START RECORDS SHOWN

lemma sided_slope_descent:
  fixes M :: "real^'p::finite^'p" and y w d :: "real^'p"
  assumes g: "\<And>i. g i > 0" and coercive: "\<And>v. m * (norm v)^2 \<le> (\<Sum>i\<in>UNIV. g i * v$i * (M *v v)$i)"
    and "m \<ge> 0" and a: "\<And>i. a \<le> lp i" "\<And>i. a \<le> - lm i" "a \<ge> 0"
    and U: "\<And>i. \<bar>lp i\<bar> \<le> U" "\<And>i. \<bar>lm i\<bar> \<le> U"
    and "y \<noteq> 0" and "\<eta> \<ge> 0"
    and w: "\<And>i. y$i > 0 \<Longrightarrow> \<bar>w$i - lp i\<bar> \<le> \<eta>" "\<And>i. y$i < 0 \<Longrightarrow> \<bar>w$i - lm i\<bar> \<le> \<eta>" "\<And>i. \<bar>w$i\<bar> \<le> U"
    and zero: "\<And>i. y$i = 0 \<Longrightarrow> (d - M *v w)$i = 0"
  shows "(\<Sum>i\<in>UNIV. g i * (sided_slope (lp i) (lm i) (y$i) * (d - M *v w)$i))
      \<le> (\<Sum>i\<in>UNIV. g i) * U * (norm d + (\<Sum>i\<in>UNIV. \<Sum>j\<in>UNIV. \<bar>M$i$j\<bar>) * \<eta>) - m * a^2"
proof -
  \<comment> \<open>Where \<open>y\<close> vanishes the summand is zero anyway, so there \<open>u\<close> may copy \<open>w\<close>;
      this makes \<open>w - u\<close> small in every component.\<close>
  define u where "u = (\<chi> i. if y$i = 0 then w$i else sided_slope (lp i) (lm i) (y$i))"
  define e where "e = w - u"
  define Ms where "Ms = (\<Sum>i\<in>UNIV. \<Sum>j\<in>UNIV. \<bar>M$i$j\<bar>)"
  have g0: "g i \<ge> 0" for i using g[of i] by simp
  have u: "\<bar>u$i\<bar> \<le> U" for i using w(3) U by (simp add: u_def sided_slope_def)
  have e: "\<bar>e$i\<bar> \<le> \<eta>" for i
    using w(1,2)[of i] \<open>\<eta> \<ge> 0\<close> by (cases "y$i" "0::real" rule: linorder_cases) (auto simp: e_def u_def sided_slope_def)
  have Me: "\<bar>(- (M *v e))$i\<bar> \<le> Ms * \<eta>" for i
    using abs_matrix_vector_mult_nth_le[of e \<eta> M i] e by (simp add: Ms_def)
  have "m * a^2 \<le> m * (norm u)^2"
  proof -
    obtain j where "y$j \<noteq> 0" using \<open>y \<noteq> 0\<close> by (metis vec_eq_iff zero_index)
    then have "a \<le> \<bar>u$j\<bar>" using a(1)[of j] a(2)[of j] by (auto simp: u_def sided_slope_def)
    also have "\<dots> \<le> norm u" by (rule component_le_norm_cart)
    finally show ?thesis using \<open>a \<ge> 0\<close> \<open>m \<ge> 0\<close> by (intro mult_left_mono power_mono) auto
  qed
  also have "\<dots> \<le> (\<Sum>i\<in>UNIV. g i * u$i * (M *v u)$i)" by (rule coercive)
  finally have Mu: "m * a^2 \<le> (\<Sum>i\<in>UNIV. g i * u$i * (M *v u)$i)" .
  have "(\<Sum>i\<in>UNIV. g i * (sided_slope (lp i) (lm i) (y$i) * (d - M *v w)$i))
      = (\<Sum>i\<in>UNIV. g i * u$i * d$i) + (\<Sum>i\<in>UNIV. g i * u$i * (- (M *v e))$i) - (\<Sum>i\<in>UNIV. g i * u$i * (M *v u)$i)"
  proof -
    have "(\<Sum>i\<in>UNIV. g i * (sided_slope (lp i) (lm i) (y$i) * (d - M *v w)$i)) = (\<Sum>i\<in>UNIV. g i * u$i * (d - M *v w)$i)"
      using zero by (intro sum.cong) (auto simp: u_def)
    also have "\<dots> = (\<Sum>i\<in>UNIV. g i * u$i * d$i) + (\<Sum>i\<in>UNIV. g i * u$i * (- (M *v e))$i) - (\<Sum>i\<in>UNIV. g i * u$i * (M *v u)$i)"
      by (simp add: e_def matrix_vector_mult_diff_distrib algebra_simps sum_subtractf sum.distrib)
    finally show ?thesis .
  qed
  also have "\<dots> \<le> (\<Sum>i\<in>UNIV. g i) * U * norm d + (\<Sum>i\<in>UNIV. g i) * U * (Ms * \<eta>) - m * a^2"
    using weighted_sum_le_bound[of g "\<lambda>i. u$i" U "\<lambda>i. d$i" "norm d" UNIV, OF g0 u component_le_norm_cart]
      weighted_sum_le_bound[of g "\<lambda>i. u$i" U "\<lambda>i. (- (M *v e))$i" "Ms * \<eta>" UNIV, OF g0 u Me] Mu
    by linarith
  finally show ?thesis by (simp add: Ms_def algebra_simps)
qed

lemma Psi_set_near_zero:
  assumes lp: "\<And>i. (\<psi> i \<longlongrightarrow> lp i) (at_right 0)" and lm: "\<And>i. (\<psi> i \<longlongrightarrow> lm i) (at_left 0)" and "\<eta> > 0"
  obtains \<epsilon> where "\<epsilon> > 0" "\<And>y w i. norm y < \<epsilon> \<Longrightarrow> w \<in> Psi_set \<psi> y \<Longrightarrow>
     (y$i > 0 \<longrightarrow> \<bar>w$i - lp i\<bar> \<le> \<eta>) \<and> (y$i < 0 \<longrightarrow> \<bar>w$i - lm i\<bar> \<le> \<eta>) \<and>
     \<bar>w$i\<bar> \<le> \<bar>lp i\<bar> + \<bar>lm i\<bar> + \<eta> + \<bar>\<psi> i 0\<bar>"
proof -
  define near where "near i e \<longleftrightarrow> e > 0 \<and> (\<forall>s w. \<bar>s\<bar> < e \<longrightarrow> w \<in> krasovskii (\<psi> i) s \<longrightarrow>
     (s > 0 \<longrightarrow> \<bar>w - lp i\<bar> \<le> \<eta>) \<and> (s < 0 \<longrightarrow> \<bar>w - lm i\<bar> \<le> \<eta>) \<and> \<bar>w\<bar> \<le> \<bar>lp i\<bar> + \<bar>lm i\<bar> + \<eta> + \<bar>\<psi> i 0\<bar>)"
    for i e
  have "\<exists>e. near i e" for i
    using krasovskii_near_zero[OF lp lm \<open>\<eta> > 0\<close>] unfolding near_def by metis
  then obtain e where e: "\<And>i. near i (e i)" by metis
  define \<epsilon> where "\<epsilon> = (MIN i. e i)"
  have "\<epsilon> > 0" using e by (simp add: \<epsilon>_def near_def)
  moreover have "(y$i > 0 \<longrightarrow> \<bar>w$i - lp i\<bar> \<le> \<eta>) \<and> (y$i < 0 \<longrightarrow> \<bar>w$i - lm i\<bar> \<le> \<eta>) \<and>
     \<bar>w$i\<bar> \<le> \<bar>lp i\<bar> + \<bar>lm i\<bar> + \<eta> + \<bar>\<psi> i 0\<bar>" if "norm y < \<epsilon>" "w \<in> Psi_set \<psi> y" for y w i
  proof -
    have "\<epsilon> \<le> e i" unfolding \<epsilon>_def by (rule Min_le) auto
    then have "\<bar>y$i\<bar> < e i" using component_le_norm_cart[of y i] that(1) by linarith
    moreover have "w$i \<in> krasovskii (\<psi> i) (y$i)" using that(2) by (simp add: Psi_set_def)
    ultimately show ?thesis using e[of i] unfolding near_def by blast
  qed
  ultimately show ?thesis using that by blast
qed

END RECORDS SHOWN

WHAT IS EXPECTED | Exact reproduction of every entry is needed.

ANSWER FOR THIS EXERCISE |
lemma sided_slope_descent:
  fixes M :: "real^'p::finite^'p" and y w d :: "real^'p"
  assumes g: "\<And>i. g i > 0" and coercive: "\<And>v. m * (norm v)^2 \<le> (\<Sum>i\<in>UNIV. g i * v$i * (M *v v)$i)"
    and "m \<ge> 0" and a: "\<And>i. a \<le> lp i" "\<And>i. a \<le> - lm i" "a \<ge> 0"
    and U: "\<And>i. \<bar>lp i\<bar> \<le> U" "\<And>i. \<bar>lm i\<bar> \<le> U"
    and "y \<noteq> 0" and "\<eta> \<ge> 0"
    and w: "\<And>i. y$i > 0 \<Longrightarrow> \<bar>w$i - lp i\<bar> \<le> \<eta>" "\<And>i. y$i < 0 \<Longrightarrow> \<bar>w$i - lm i\<bar> \<le> \<eta>" "\<And>i. \<bar>w$i\<bar> \<le> U"
    and zero: "\<And>i. y$i = 0 \<Longrightarrow> (d - M *v w)$i = 0"
  shows "(\<Sum>i\<in>UNIV. g i * (sided_slope (lp i) (lm i) (y$i) * (d - M *v w)$i))
      \<le> (\<Sum>i\<in>UNIV. g i) * U * (norm d + (\<Sum>i\<in>UNIV. \<Sum>j\<in>UNIV. \<bar>M$i$j\<bar>) * \<eta>) - m * a^2"
proof -
  \<comment> \<open>Where \<open>y\<close> vanishes the summand is zero anyway, so there \<open>u\<close> may copy \<open>w\<close>;
      this makes \<open>w - u\<close> small in every component.\<close>
  define u where "u = (\<chi> i. if y$i = 0 then w$i else sided_slope (lp i) (lm i) (y$i))"
  define e where "e = w - u"
  define Ms where "Ms = (\<Sum>i\<in>UNIV. \<Sum>j\<in>UNIV. \<bar>M$i$j\<bar>)"
  have g0: "g i \<ge> 0" for i using g[of i] by simp
  have u: "\<bar>u$i\<bar> \<le> U" for i using w(3) U by (simp add: u_def sided_slope_def)
  have e: "\<bar>e$i\<bar> \<le> \<eta>" for i
    using w(1,2)[of i] \<open>\<eta> \<ge> 0\<close> by (cases "y$i" "0::real" rule: linorder_cases) (auto simp: e_def u_def sided_slope_def)
  have Me: "\<bar>(- (M *v e))$i\<bar> \<le> Ms * \<eta>" for i
    using abs_matrix_vector_mult_nth_le[of e \<eta> M i] e by (simp add: Ms_def)
  have "m * a^2 \<le> m * (norm u)^2"
  proof -
    obtain j where "y$j \<noteq> 0" using \<open>y \<noteq> 0\<close> by (metis vec_eq_iff zero_index)
    then have "a \<le> \<bar>u$j\<bar>" using a(1)[of j] a(2)[of j] by (auto simp: u_def sided_slope_def)
    also have "\<dots> \<le> norm u" by (rule component_le_norm_cart)
    finally show ?thesis using \<open>a \<ge> 0\<close> \<open>m \<ge> 0\<close> by (intro mult_left_mono power_mono) auto
  qed
  also have "\<dots> \<le> (\<Sum>i\<in>UNIV. g i * u$i * (M *v u)$i)" by (rule coercive)
  finally have Mu: "m * a^2 \<le> (\<Sum>i\<in>UNIV. g i * u$i * (M *v u)$i)" .
  have "(\<Sum>i\<in>UNIV. g i * (sided_slope (lp i) (lm i) (y$i) * (d - M *v w)$i))
      = (\<Sum>i\<in>UNIV. g i * u$i * d$i) + (\<Sum>i\<in>UNIV. g i * u$i * (- (M *v e))$i) - (\<Sum>i\<in>UNIV. g i * u$i * (M *v u)$i)"
  proof -
    have "(\<Sum>i\<in>UNIV. g i * (sided_slope (lp i) (lm i) (y$i) * (d - M *v w)$i)) = (\<Sum>i\<in>UNIV. g i * u$i * (d - M *v w)$i)"
      using zero by (intro sum.cong) (auto simp: u_def)
    also have "\<dots> = (\<Sum>i\<in>UNIV. g i * u$i * d$i) + (\<Sum>i\<in>UNIV. g i * u$i * (- (M *v e))$i) - (\<Sum>i\<in>UNIV. g i * u$i * (M *v u)$i)"
      by (simp add: e_def matrix_vector_mult_diff_distrib algebra_simps sum_subtractf sum.distrib)
    finally show ?thesis .
  qed
  also have "\<dots> \<le> (\<Sum>i\<in>UNIV. g i) * U * norm d + (\<Sum>i\<in>UNIV. g i) * U * (Ms * \<eta>) - m * a^2"
    using weighted_sum_le_bound[of g "\<lambda>i. u$i" U "\<lambda>i. d$i" "norm d" UNIV, OF g0 u component_le_norm_cart]
      weighted_sum_le_bound[of g "\<lambda>i. u$i" U "\<lambda>i. (- (M *v e))$i" "Ms * \<eta>" UNIV, OF g0 u Me] Mu
    by linarith
  finally show ?thesis by (simp add: Ms_def algebra_simps)
qed

lemma Psi_set_near_zero:
  assumes lp: "\<And>i. (\<psi> i \<longlongrightarrow> lp i) (at_right 0)" and lm: "\<And>i. (\<psi> i \<longlongrightarrow> lm i) (at_left 0)" and "\<eta> > 0"
  obtains \<epsilon> where "\<epsilon> > 0" "\<And>y w i. norm y < \<epsilon> \<Longrightarrow> w \<in> Psi_set \<psi> y \<Longrightarrow>
     (y$i > 0 \<longrightarrow> \<bar>w$i - lp i\<bar> \<le> \<eta>) \<and> (y$i < 0 \<longrightarrow> \<bar>w$i - lm i\<bar> \<le> \<eta>) \<and>
     \<bar>w$i\<bar> \<le> \<bar>lp i\<bar> + \<bar>lm i\<bar> + \<eta> + \<bar>\<psi> i 0\<bar>"
proof -
  define near where "near i e \<longleftrightarrow> e > 0 \<and> (\<forall>s w. \<bar>s\<bar> < e \<longrightarrow> w \<in> krasovskii (\<psi> i) s \<longrightarrow>
     (s > 0 \<longrightarrow> \<bar>w - lp i\<bar> \<le> \<eta>) \<and> (s < 0 \<longrightarrow> \<bar>w - lm i\<bar> \<le> \<eta>) \<and> \<bar>w\<bar> \<le> \<bar>lp i\<bar> + \<bar>lm i\<bar> + \<eta> + \<bar>\<psi> i 0\<bar>)"
    for i e
  have "\<exists>e. near i e" for i
    using krasovskii_near_zero[OF lp lm \<open>\<eta> > 0\<close>] unfolding near_def by metis
  then obtain e where e: "\<And>i. near i (e i)" by metis
  define \<epsilon> where "\<epsilon> = (MIN i. e i)"
  have "\<epsilon> > 0" using e by (simp add: \<epsilon>_def near_def)
  moreover have "(y$i > 0 \<longrightarrow> \<bar>w$i - lp i\<bar> \<le> \<eta>) \<and> (y$i < 0 \<longrightarrow> \<bar>w$i - lm i\<bar> \<le> \<eta>) \<and>
     \<bar>w$i\<bar> \<le> \<bar>lp i\<bar> + \<bar>lm i\<bar> + \<eta> + \<bar>\<psi> i 0\<bar>" if "norm y < \<epsilon>" "w \<in> Psi_set \<psi> y" for y w i
  proof -
    have "\<epsilon> \<le> e i" unfolding \<epsilon>_def by (rule Min_le) auto
    then have "\<bar>y$i\<bar> < e i" using component_le_norm_cart[of y i] that(1) by linarith
    moreover have "w$i \<in> krasovskii (\<psi> i) (y$i)" using that(2) by (simp add: Psi_set_def)
    ultimately show ?thesis using e[of i] unfolding near_def by blast
  qed
  ultimately show ?thesis using that by blast
qed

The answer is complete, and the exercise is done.